#### Required work:
Only lines with the string "have" matter here; gather them from the material below.

#### Data supplied:
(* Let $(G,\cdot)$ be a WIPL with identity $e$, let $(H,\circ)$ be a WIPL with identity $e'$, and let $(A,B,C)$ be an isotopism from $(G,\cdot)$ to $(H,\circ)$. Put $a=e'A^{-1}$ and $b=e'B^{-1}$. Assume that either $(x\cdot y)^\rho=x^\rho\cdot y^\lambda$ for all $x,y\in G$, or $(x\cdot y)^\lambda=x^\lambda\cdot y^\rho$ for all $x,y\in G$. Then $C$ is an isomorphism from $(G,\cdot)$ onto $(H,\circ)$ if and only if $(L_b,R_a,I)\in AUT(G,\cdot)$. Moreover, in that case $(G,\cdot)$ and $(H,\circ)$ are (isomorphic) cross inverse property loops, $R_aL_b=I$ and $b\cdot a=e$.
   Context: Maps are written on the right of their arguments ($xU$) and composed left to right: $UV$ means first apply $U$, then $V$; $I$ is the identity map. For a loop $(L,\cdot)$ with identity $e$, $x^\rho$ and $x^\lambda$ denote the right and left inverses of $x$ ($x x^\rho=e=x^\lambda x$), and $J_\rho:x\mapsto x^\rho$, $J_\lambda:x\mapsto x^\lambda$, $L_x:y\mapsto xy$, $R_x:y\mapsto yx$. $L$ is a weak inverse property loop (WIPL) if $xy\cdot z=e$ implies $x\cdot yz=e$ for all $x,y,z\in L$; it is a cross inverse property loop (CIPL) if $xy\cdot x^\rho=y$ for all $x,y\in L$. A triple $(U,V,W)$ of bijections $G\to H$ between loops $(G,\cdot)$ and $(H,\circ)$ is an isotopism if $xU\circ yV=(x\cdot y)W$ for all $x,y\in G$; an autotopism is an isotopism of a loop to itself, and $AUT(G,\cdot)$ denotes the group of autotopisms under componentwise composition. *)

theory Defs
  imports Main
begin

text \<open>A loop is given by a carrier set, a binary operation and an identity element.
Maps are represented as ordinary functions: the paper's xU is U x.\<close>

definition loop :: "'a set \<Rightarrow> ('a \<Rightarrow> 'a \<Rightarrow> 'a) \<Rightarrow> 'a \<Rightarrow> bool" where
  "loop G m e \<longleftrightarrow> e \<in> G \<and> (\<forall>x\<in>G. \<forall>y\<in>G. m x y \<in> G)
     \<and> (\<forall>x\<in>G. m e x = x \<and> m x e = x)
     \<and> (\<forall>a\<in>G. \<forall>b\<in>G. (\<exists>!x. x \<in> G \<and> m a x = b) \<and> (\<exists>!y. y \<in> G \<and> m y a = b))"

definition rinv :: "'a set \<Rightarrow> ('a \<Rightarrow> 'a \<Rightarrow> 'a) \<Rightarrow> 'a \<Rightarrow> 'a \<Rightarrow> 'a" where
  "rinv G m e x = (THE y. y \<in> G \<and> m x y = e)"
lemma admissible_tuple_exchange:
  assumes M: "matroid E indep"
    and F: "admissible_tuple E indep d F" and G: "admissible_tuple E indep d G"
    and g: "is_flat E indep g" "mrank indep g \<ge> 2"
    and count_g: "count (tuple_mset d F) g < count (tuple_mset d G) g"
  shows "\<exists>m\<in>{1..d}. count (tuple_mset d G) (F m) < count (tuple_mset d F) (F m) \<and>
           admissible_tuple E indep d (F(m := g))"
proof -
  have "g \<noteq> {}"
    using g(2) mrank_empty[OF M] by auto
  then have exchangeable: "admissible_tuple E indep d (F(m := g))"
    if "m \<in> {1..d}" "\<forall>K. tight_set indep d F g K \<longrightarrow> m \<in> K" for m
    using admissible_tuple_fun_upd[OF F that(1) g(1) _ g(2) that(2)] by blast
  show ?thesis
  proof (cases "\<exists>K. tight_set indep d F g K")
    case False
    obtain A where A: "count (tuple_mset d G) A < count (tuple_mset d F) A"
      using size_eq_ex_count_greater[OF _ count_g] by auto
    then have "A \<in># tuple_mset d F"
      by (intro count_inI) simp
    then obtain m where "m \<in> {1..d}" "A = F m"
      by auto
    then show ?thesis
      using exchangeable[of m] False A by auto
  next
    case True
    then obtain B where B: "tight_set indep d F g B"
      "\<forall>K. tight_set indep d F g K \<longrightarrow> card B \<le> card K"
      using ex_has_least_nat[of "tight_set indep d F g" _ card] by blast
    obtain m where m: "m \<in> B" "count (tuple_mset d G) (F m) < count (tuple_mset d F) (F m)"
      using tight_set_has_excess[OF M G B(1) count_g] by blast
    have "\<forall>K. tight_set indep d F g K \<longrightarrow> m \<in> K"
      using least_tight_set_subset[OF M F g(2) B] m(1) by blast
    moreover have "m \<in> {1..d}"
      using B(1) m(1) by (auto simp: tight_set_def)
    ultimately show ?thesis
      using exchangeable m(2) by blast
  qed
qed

#### Your response:
  have "g \<noteq> {}"
  then have exchangeable: "admissible_tuple E indep d (F(m := g))"
    then have "A \<in># tuple_mset d F"
    have "\<forall>K. tight_set indep d F g K \<longrightarrow> m \<in> K"
    moreover have "m \<in> {1..d}"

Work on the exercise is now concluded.